Problem: First find the line with "k = (\<Sum>l<k." in the entries below, then set down exactly every line through the line with "a) (phi_t a j)", that line included.

Stored data entries:
● ● ● ●

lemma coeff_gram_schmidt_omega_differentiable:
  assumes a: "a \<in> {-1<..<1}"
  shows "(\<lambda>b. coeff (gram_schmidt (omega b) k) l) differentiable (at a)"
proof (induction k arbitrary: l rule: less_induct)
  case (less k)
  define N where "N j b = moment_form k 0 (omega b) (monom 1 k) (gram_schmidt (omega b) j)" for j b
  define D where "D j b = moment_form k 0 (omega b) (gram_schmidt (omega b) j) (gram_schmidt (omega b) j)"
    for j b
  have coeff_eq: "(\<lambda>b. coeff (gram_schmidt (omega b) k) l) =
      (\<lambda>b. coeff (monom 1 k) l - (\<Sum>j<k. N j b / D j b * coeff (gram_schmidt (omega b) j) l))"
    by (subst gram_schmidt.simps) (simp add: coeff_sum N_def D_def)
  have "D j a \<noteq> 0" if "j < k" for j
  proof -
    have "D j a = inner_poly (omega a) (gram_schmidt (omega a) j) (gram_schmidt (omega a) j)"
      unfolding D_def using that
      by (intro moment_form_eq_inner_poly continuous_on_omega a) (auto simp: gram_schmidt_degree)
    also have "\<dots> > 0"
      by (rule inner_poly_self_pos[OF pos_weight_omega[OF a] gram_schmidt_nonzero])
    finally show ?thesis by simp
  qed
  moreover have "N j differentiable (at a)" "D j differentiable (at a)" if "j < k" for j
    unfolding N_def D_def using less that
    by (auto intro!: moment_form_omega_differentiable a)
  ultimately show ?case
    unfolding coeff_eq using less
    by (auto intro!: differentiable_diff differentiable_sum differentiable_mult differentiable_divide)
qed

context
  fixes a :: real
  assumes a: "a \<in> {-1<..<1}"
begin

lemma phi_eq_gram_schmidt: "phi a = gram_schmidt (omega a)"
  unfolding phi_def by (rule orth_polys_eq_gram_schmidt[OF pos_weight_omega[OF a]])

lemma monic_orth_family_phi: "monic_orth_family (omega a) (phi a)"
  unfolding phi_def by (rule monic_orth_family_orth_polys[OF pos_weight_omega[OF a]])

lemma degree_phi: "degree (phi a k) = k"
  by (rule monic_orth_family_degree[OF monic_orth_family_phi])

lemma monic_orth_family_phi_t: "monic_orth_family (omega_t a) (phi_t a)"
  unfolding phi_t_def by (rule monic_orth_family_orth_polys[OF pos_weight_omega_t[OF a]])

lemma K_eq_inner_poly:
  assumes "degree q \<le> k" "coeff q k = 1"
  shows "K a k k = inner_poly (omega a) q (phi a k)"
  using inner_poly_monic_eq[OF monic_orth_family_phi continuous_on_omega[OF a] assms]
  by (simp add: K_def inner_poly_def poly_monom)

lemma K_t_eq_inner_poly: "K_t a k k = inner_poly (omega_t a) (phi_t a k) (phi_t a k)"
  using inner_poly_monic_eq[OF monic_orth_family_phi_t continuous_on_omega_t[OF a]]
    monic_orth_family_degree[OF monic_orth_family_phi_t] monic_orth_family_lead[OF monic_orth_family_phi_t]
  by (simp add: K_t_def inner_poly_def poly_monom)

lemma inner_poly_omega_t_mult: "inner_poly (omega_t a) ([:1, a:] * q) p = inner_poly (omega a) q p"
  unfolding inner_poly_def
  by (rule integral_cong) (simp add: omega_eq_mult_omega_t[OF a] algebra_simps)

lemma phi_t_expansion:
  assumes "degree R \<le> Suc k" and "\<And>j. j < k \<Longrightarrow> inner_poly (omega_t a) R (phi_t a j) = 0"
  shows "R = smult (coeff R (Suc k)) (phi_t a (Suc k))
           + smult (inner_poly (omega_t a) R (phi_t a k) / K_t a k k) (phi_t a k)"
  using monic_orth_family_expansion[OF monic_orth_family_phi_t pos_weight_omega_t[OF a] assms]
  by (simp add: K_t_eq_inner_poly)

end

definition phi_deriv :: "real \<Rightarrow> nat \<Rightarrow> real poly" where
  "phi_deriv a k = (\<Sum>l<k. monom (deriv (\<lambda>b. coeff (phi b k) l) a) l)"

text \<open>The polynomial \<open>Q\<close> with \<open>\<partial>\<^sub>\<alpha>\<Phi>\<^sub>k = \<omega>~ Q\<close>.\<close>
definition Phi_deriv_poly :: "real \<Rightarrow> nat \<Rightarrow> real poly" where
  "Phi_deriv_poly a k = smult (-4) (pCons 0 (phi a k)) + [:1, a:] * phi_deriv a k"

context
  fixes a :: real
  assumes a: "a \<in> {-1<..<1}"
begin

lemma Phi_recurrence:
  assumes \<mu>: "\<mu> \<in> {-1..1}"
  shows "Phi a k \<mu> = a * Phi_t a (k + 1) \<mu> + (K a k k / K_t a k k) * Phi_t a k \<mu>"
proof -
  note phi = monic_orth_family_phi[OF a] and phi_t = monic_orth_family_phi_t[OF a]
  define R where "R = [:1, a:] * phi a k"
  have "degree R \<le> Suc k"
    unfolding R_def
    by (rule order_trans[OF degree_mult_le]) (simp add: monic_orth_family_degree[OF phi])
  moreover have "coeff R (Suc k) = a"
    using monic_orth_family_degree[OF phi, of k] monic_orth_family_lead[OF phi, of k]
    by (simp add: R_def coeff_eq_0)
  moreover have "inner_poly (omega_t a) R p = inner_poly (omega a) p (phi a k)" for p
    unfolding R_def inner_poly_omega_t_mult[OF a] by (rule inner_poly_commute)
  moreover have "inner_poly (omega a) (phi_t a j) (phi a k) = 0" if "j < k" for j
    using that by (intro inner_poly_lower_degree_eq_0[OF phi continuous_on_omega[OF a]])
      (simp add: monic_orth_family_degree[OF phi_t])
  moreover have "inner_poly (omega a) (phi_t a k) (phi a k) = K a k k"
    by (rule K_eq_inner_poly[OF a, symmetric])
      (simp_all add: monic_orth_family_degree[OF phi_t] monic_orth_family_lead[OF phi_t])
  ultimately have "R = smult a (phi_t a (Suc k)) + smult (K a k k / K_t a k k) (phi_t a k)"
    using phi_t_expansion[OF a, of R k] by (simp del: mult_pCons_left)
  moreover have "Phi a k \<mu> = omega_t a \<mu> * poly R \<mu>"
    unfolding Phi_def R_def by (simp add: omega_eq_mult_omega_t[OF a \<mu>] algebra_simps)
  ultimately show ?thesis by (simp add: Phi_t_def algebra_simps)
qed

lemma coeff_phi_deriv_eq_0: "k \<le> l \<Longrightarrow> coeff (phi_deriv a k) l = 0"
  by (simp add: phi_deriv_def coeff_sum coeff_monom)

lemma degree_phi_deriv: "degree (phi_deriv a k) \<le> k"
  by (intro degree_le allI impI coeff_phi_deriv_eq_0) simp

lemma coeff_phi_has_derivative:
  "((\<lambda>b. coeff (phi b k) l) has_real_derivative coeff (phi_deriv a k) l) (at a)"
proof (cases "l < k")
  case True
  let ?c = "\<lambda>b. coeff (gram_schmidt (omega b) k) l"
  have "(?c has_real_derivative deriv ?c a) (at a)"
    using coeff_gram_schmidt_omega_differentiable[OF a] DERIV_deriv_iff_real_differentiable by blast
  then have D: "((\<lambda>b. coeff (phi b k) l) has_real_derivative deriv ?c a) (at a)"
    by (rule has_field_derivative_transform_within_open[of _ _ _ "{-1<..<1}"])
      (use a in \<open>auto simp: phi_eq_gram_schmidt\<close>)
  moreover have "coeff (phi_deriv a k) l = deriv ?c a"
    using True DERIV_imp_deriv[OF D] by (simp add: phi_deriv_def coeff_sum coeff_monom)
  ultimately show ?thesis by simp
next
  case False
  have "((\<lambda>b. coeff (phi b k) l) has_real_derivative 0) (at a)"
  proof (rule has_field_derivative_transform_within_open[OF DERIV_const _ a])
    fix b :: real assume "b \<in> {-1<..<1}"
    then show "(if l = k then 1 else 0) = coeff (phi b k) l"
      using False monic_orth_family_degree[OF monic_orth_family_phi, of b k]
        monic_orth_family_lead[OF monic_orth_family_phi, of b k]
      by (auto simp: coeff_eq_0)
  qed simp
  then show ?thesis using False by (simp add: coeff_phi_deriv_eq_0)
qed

● ● ● ●

Answer to this exercise:
  "phi_deriv a k = (\<Sum>l<k. monom (deriv (\<lambda>b. coeff (phi b k) l) a) l)"

text \<open>The polynomial \<open>Q\<close> with \<open>\<partial>\<^sub>\<alpha>\<Phi>\<^sub>k = \<omega>~ Q\<close>.\<close>
definition Phi_deriv_poly :: "real \<Rightarrow> nat \<Rightarrow> real poly" where
  "Phi_deriv_poly a k = smult (-4) (pCons 0 (phi a k)) + [:1, a:] * phi_deriv a k"

context
  fixes a :: real
  assumes a: "a \<in> {-1<..<1}"
begin

lemma Phi_recurrence:
  assumes \<mu>: "\<mu> \<in> {-1..1}"
  shows "Phi a k \<mu> = a * Phi_t a (k + 1) \<mu> + (K a k k / K_t a k k) * Phi_t a k \<mu>"
proof -
  note phi = monic_orth_family_phi[OF a] and phi_t = monic_orth_family_phi_t[OF a]
  define R where "R = [:1, a:] * phi a k"
  have "degree R \<le> Suc k"
    unfolding R_def
    by (rule order_trans[OF degree_mult_le]) (simp add: monic_orth_family_degree[OF phi])
  moreover have "coeff R (Suc k) = a"
    using monic_orth_family_degree[OF phi, of k] monic_orth_family_lead[OF phi, of k]
    by (simp add: R_def coeff_eq_0)
  moreover have "inner_poly (omega_t a) R p = inner_poly (omega a) p (phi a k)" for p
    unfolding R_def inner_poly_omega_t_mult[OF a] by (rule inner_poly_commute)
  moreover have "inner_poly (omega a) (phi_t a j) (phi a k) = 0" if "j < k" for j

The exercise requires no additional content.